Kırıkkale’de 18 Ağustos Pazar günü eski eşi Fedai V. (43) tarafından Menderes Caddesi üzerindeki bir restoranda 10 yaşındaki kızı F.B.V’nin yanında bıçakla öldürülen Emine Bulut’un (38) hayat hikayesini anlatırken anne Fadime ile baba Ahmet Bulut, gözyaşlarını tutamadı.

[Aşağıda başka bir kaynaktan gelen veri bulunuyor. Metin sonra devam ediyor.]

(* Let $A$ be an associative unital ring and $\mathfrak{C}$ an $A$-coring with coproduct $\Delta$ and counit $\varepsilon$ (Sweedler notation $\Delta(c)=c_{(1)}\otimes_A c_{(2)}$). Consider pairs $(\pi,\Theta)$, where $\Theta:A\to\mathfrak{C}$ is an $(A,A)$-bimodule map and $\pi:\mathfrak{C}\otimes_A\mathfrak{C}\to\mathfrak{C}$ is an $(A,A)$-bimodule map which is a $(\mathfrak{C},\mathfrak{C})$-bicomodule map, i.e. $c_{(1)}\otimes_A\pi(c_{(2)}\otimes_A c')=\Delta(\pi(c\otimes_A c'))=\pi(c\otimes_A c'_{(1)})\otimes_A c'_{(2)}$ for all $c,c'\in\mathfrak{C}$, such that $\pi\circ(I_{\mathfrak{C}}\otimes_A\Theta)=\pi\circ(\Theta\otimes_A I_{\mathfrak{C}})=I_{\mathfrak{C}}$ (using the identifications $\mathfrak{C}\cong\mathfrak{C}\otimes_A A\cong A\otimes_A\mathfrak{C}$). Consider also reduced Frobenius systems $(\gamma,e)$ for $\mathfrak{C}$, i.e. pairs consisting of an element $e\in\mathfrak{C}^A=\{c\in\mathfrak{C}\mid ac=ca\ \forall a\in A\}$ and an $(A,A)$-bimodule map $\gamma:\mathfrak{C}\otimes_A\mathfrak{C}\to A$ such that for all $c,c'\in\mathfrak{C}$: $c_{(1)}\gamma(c_{(2)}\otimes_A c')=\gamma(c\otimes_A c'_{(1)})c'_{(2)}$ and $\gamma(c\otimes_A e)=\gamma(e\otimes_A c)=\varepsilon(c)$. Then the pairs $(\pi,\Theta)$ are in one-to-one correspondence with the reduced Frobenius systems $(\gamma,e)$, via $(\pi,\Theta)\mapsto(\varepsilon\circ\pi,\Theta(1_A))$.
   Context: An $A$-coring $\mathfrak{C}$ is an $(A,A)$-bimodule with $(A,A)$-bimodule maps $\Delta:\mathfrak{C}\to\mathfrak{C}\otimes_A\mathfrak{C}$ and $\varepsilon:\mathfrak{C}\to A$ satisfying coassociativity $(I_{\mathfrak{C}}\otimes_A\Delta)\circ\Delta=(\Delta\otimes_A I_{\mathfrak{C}})\circ\Delta$ and counitality $(I_{\mathfrak{C}}\otimes_A\varepsilon)\circ\Delta=(\varepsilon\otimes_A I_{\mathfrak{C}})\circ\Delta=I_{\mathfrak{C}}$. The $(\mathfrak{C},\mathfrak{C})$-bicomodule structures are: on $\mathfrak{C}$ both coactions are $\Delta$; on $\mathfrak{C}\otimes_A\mathfrak{C}$ the left coaction is $\Delta\otimes_A I_{\mathfrak{C}}$ and the right coaction is $I_{\mathfrak{C}}\otimes_A\Delta$. *)

theory Defs
  imports Main
begin

definition is_bimodule :: "('a::ring_1 \<Rightarrow> 'm::ab_group_add \<Rightarrow> 'm) \<Rightarrow> ('m \<Rightarrow> 'a \<Rightarrow> 'm) \<Rightarrow> bool" where
  "is_bimodule l r \<longleftrightarrow>
     (\<forall>a x y. l a (x + y) = l a x + l a y) \<and> (\<forall>a b x. l (a + b) x = l a x + l b x) \<and>
     (\<forall>a b x. l (a * b) x = l a (l b x)) \<and> (\<forall>x. l 1 x = x) \<and>
     (\<forall>a x y. r (x + y) a = r x a + r y a) \<and> (\<forall>a b x. r x (a + b) = r x a + r x b) \<and>
     (\<forall>a b x. r x (a * b) = r (r x a) b) \<and> (\<forall>x. r x 1 = x) \<and>
     (\<forall>a x b. r (l a x) b = l a (r x b))"

definition bimod_hom ::
  "('a::ring_1 \<Rightarrow> 'm::ab_group_add \<Rightarrow> 'm) \<Rightarrow> ('m \<Rightarrow> 'a \<Rightarrow> 'm) \<Rightarrow>
   ('a \<Rightarrow> 'n::ab_group_add \<Rightarrow> 'n) \<Rightarrow> ('n \<Rightarrow> 'a \<Rightarrow> 'n) \<Rightarrow> ('m \<Rightarrow> 'n) \<Rightarrow> bool" where
  "bimod_hom l1 r1 l2 r2 f \<longleftrightarrow>
     (\<forall>x y. f (x + y) = f x + f y) \<and> (\<forall>a x. f (l1 a x) = l2 a (f x)) \<and> (\<forall>x a. f (r1 x a) = r2 (f x) a)"

definition balanced :: "('m::ab_group_add \<Rightarrow> 'a::ring_1 \<Rightarrow> 'm) \<Rightarrow> ('a \<Rightarrow> 'n::ab_group_add \<Rightarrow> 'n)
     \<Rightarrow> ('m \<Rightarrow> 'n \<Rightarrow> 'g::ab_group_add) \<Rightarrow> bool" where
  "balanced rM lN \<phi> \<longleftrightarrow>
     (\<forall>x x' y. \<phi> (x + x') y = \<phi> x y + \<phi> x' y) \<and> (\<forall>x y y'. \<phi> x (y + y') = \<phi> x y + \<phi> x y') \<and>
     (\<forall>x a y. \<phi> (rM x a) y = \<phi> x (lN a y))"

definition zmul :: "int \<Rightarrow> 'g::ab_group_add \<Rightarrow> 'g" where
  "zmul k x = (if 0 \<le> k then (\<Sum>i<nat k. x) else - (\<Sum>i<nat (- k). x))"

text \<open>Basis elements of the free abelian group on M \<times> N (finitely supported int-valued functions).\<close>
definition delta :: "'p \<Rightarrow> 'p \<Rightarrow> int" where
  "delta p = (\<lambda>q. if q = p then 1 else 0)"

inductive_set trel :: "('m::ab_group_add \<Rightarrow> 'a::ring_1 \<Rightarrow> 'm) \<Rightarrow> ('a \<Rightarrow> 'n::ab_group_add \<Rightarrow> 'n)
     \<Rightarrow> ('m \<times> 'n \<Rightarrow> int) set"
  for rM lN where
    trel_zero: "(\<lambda>q. 0) \<in> trel rM lN"
  | trel_diff: "f \<in> trel rM lN \<Longrightarrow> g \<in> trel rM lN \<Longrightarrow> (\<lambda>q. f q - g q) \<in> trel rM lN"
  | trel_addl: "(\<lambda>q. delta (x + x', y) q - delta (x, y) q - delta (x', y) q) \<in> trel rM lN"
  | trel_addr: "(\<lambda>q. delta (x, y + y') q - delta (x, y) q - delta (x, y') q) \<in> trel rM lN"
  | trel_bal: "(\<lambda>q. delta (rM x a, y) q - delta (x, lN a y) q) \<in> trel rM lN"

definition fsum :: "('m \<Rightarrow> 'n \<Rightarrow> 't::ab_group_add) \<Rightarrow> ('m \<times> 'n \<Rightarrow> int) \<Rightarrow> 't" where
  "fsum tens f = (\<Sum>p\<in>{p. f p \<noteq> 0}. zmul (f p) (tens (fst p) (snd p)))"

text \<open>(T, lT, rT, tens) is a tensor product M \<otimes>_A N of the bimodules M and N, with x \<otimes> y = tens x y:
  tens is balanced biadditive, T is generated by pure tensors, and the kernel of the canonical map from
  the free abelian group on M \<times> N onto T is exactly the relation subgroup; the bimodule structure of T
  is a(x \<otimes> y)b = (ax) \<otimes> (yb).\<close>
definition is_tensor ::
  "('a::ring_1 \<Rightarrow> 'm::ab_group_add \<Rightarrow> 'm) \<Rightarrow> ('m \<Rightarrow> 'a \<Rightarrow> 'm) \<Rightarrow>
   ('a \<Rightarrow> 'n::ab_group_add \<Rightarrow> 'n) \<Rightarrow> ('n \<Rightarrow> 'a \<Rightarrow> 'n) \<Rightarrow>
   ('a \<Rightarrow> 't::ab_group_add \<Rightarrow> 't) \<Rightarrow> ('t \<Rightarrow> 'a \<Rightarrow> 't) \<Rightarrow> ('m \<Rightarrow> 'n \<Rightarrow> 't) \<Rightarrow> bool" where
  "is_tensor lM rM lN rN lT rT tens \<longleftrightarrow>
     is_bimodule lT rT \<and> balanced rM lN tens \<and>
     (\<forall>a x y. lT a (tens x y) = tens (lM a x) y) \<and>
     (\<forall>x y a. rT (tens x y) a = tens x (rN y a)) \<and>
     (\<forall>t. \<exists>xs. t = sum_list (map (\<lambda>(x, y). tens x y) xs)) \<and>
     (\<forall>f. finite {p. f p \<noteq> 0} \<and> fsum tens f = 0 \<longrightarrow> f \<in> trel rM lN)"

text \<open>The additive map T \<rightarrow> G induced by a balanced biadditive map \<phi>: x \<otimes> y \<mapsto> \<phi> x y
  (well defined when T is a tensor product and \<phi> is balanced).\<close>
definition tlift :: "('m \<Rightarrow> 'n \<Rightarrow> 't::ab_group_add) \<Rightarrow> ('m \<Rightarrow> 'n \<Rightarrow> 'g::ab_group_add) \<Rightarrow> 't \<Rightarrow> 'g" where
  "tlift tens \<phi> t = (SOME g. \<exists>xs. t = sum_list (map (\<lambda>(x, y). tens x y) xs) \<and>
                                   g = sum_list (map (\<lambda>(x, y). \<phi> x y) xs))"

text \<open>C (with actions lC, rC) is an A-coring with coproduct \<Delta> : C \<rightarrow> C \<otimes>_A C (= T, via tens) and
  counit \<epsilon>; coassociativity is stated in C \<otimes>_A (C \<otimes>_A C) (= L, via tensL), identifying
  (C \<otimes> C) \<otimes> C with C \<otimes> (C \<otimes> C); counitality uses C \<otimes>_A A \<cong> C \<cong> A \<otimes>_A C.\<close>
definition is_coring ::
  "('a::ring_1 \<Rightarrow> 'c::ab_group_add \<Rightarrow> 'c) \<Rightarrow> ('c \<Rightarrow> 'a \<Rightarrow> 'c) \<Rightarrow>
   ('a \<Rightarrow> 't::ab_group_add \<Rightarrow> 't) \<Rightarrow> ('t \<Rightarrow> 'a \<Rightarrow> 't) \<Rightarrow> ('c \<Rightarrow> 'c \<Rightarrow> 't) \<Rightarrow>
   ('a \<Rightarrow> 'l::ab_group_add \<Rightarrow> 'l) \<Rightarrow> ('l \<Rightarrow> 'a \<Rightarrow> 'l) \<Rightarrow> ('c \<Rightarrow> 't \<Rightarrow> 'l) \<Rightarrow>
   ('c \<Rightarrow> 't) \<Rightarrow> ('c \<Rightarrow> 'a) \<Rightarrow> bool" where
  "is_coring lC rC lT rT tens lL rL tensL \<Delta> \<epsilon> \<longleftrightarrow>
     is_bimodule lC rC \<and>
     is_tensor lC rC lC rC lT rT tens \<and>
     is_tensor lC rC lT rT lL rL tensL \<and>
     bimod_hom lC rC lT rT \<Delta> \<and>
     bimod_hom lC rC (*) (*) \<epsilon> \<and>
     (\<forall>c. tlift tens (\<lambda>x y. tensL x (\<Delta> y)) (\<Delta> c) =
          tlift tens (\<lambda>x y. tlift tens (\<lambda>u v. tensL u (tens v y)) (\<Delta> x)) (\<Delta> c)) \<and>
     (\<forall>c. tlift tens (\<lambda>x y. rC x (\<epsilon> y)) (\<Delta> c) = c) \<and>
     (\<forall>c. tlift tens (\<lambda>x y. lC (\<epsilon> x) y) (\<Delta> c) = c)"

definition pi_theta_pair ::
  "('a::ring_1 \<Rightarrow> 'c::ab_group_add \<Rightarrow> 'c) \<Rightarrow> ('c \<Rightarrow> 'a \<Rightarrow> 'c) \<Rightarrow>
   ('a \<Rightarrow> 't::ab_group_add \<Rightarrow> 't) \<Rightarrow> ('t \<Rightarrow> 'a \<Rightarrow> 't) \<Rightarrow> ('c \<Rightarrow> 'c \<Rightarrow> 't) \<Rightarrow>
   ('c \<Rightarrow> 't) \<Rightarrow> ('t \<Rightarrow> 'c) \<Rightarrow> ('a \<Rightarrow> 'c) \<Rightarrow> bool" where
  "pi_theta_pair lC rC lT rT tens \<Delta> \<pi> \<Theta> \<longleftrightarrow>
     bimod_hom (*) (*) lC rC \<Theta> \<and>
     bimod_hom lT rT lC rC \<pi> \<and>
     (\<forall>c c'. tlift tens (\<lambda>x y. tens x (\<pi> (tens y c'))) (\<Delta> c) = \<Delta> (\<pi> (tens c c')) \<and>
             \<Delta> (\<pi> (tens c c')) = tlift tens (\<lambda>x y. tens (\<pi> (tens c x)) y) (\<Delta> c')) \<and>
     (\<forall>c. \<pi> (tens c (\<Theta> 1)) = c) \<and> (\<forall>c. \<pi> (tens (\<Theta> 1) c) = c)"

"DEVLET İŞİNE GİRMEK İSTİYORDU"Emine Bulut’un tek hayali devlet memuru olmak istediğini anlatan anne Fadime Bulut, "Nereye giderse gitsin erkek gibiydi benim çocuğum. Çocukluğu hep güzel geçti. Ama çocuğu gibi onu da özel yetiştirdik. Çok iyi bir çocuktu. Okulda hiç dövüşmezdi, şikayet gelmezdi çocuğumdan. Başarılıydı, çok efendiydi, çalışkandı. Hep teşekkür takdir alırdı. Hep devlet işine girmek istiyordu.
Halen dışarıdan üniversite okuyordu. Bilgisayar kursuna gidiyordu. Devlet işine girmek istiyordu. Hayalinde hep oydu." dedi.
"EVİMİN MÜDÜRÜYDÜ"Emine Bulut’a evde ’müdür’ diye hitap ettiğini ifade eden Fadime Bulut, sözlerini şu şekilde sürdürdü:
"Evimin müdürüydü. Çalışıyordu, adı da müdürdü. Evimin her şeyini o yapardı. Evimin direktörü oydu. Daha doğrusu bizi yöneten oydu. Babayı, kardeşlerini yöneten oydu. Müdürdü hep. Müdür koymuştum adını. Babasını doktora götürürdü, anneyi doktora götürürdü. Mahallemiz bile biliyor. Hepimizin çaresi oydu. Namazını hiç bırakmazdı. Kur’an-ını okurdu."
"ÇALIŞTIĞINI HEP ÇOCUĞUNA HARCIYORDU""Hasta bakıyordu. Hasta bakıcılık yapıyordu. Bir yıldır karşıda Almancı kadın var ona bakıyordu. Ondan sonra da bacısı yatalaktı. Ona bakıyordu hastanede. Çok çalışkandı. Hiç hasta olup da yatıyorum demezdi. Hep kazanmak istedi sürekli. Ayın 24’ünde sınavı vardı.
Bilgisayar kursuna gidiyordu. Hep devlet memuru olmak istiyordu. Bir yerlere girmek istiyordu. Şans böyleymiş. Hiç ayrı kalmazdı çocuğundan. Bugün 11 gün oldu. Akşam hep beklerdi. Dedesinin telefonundan telefon ederdi anne ne zaman geliyorsun diye. Sabah 9-10’a doğru gelirdi geceleri hastanın başında kalınca. Çalıştı çalıştı üstüne hiç bir şey almadı. Hep çocuğuma harcayayım dedi."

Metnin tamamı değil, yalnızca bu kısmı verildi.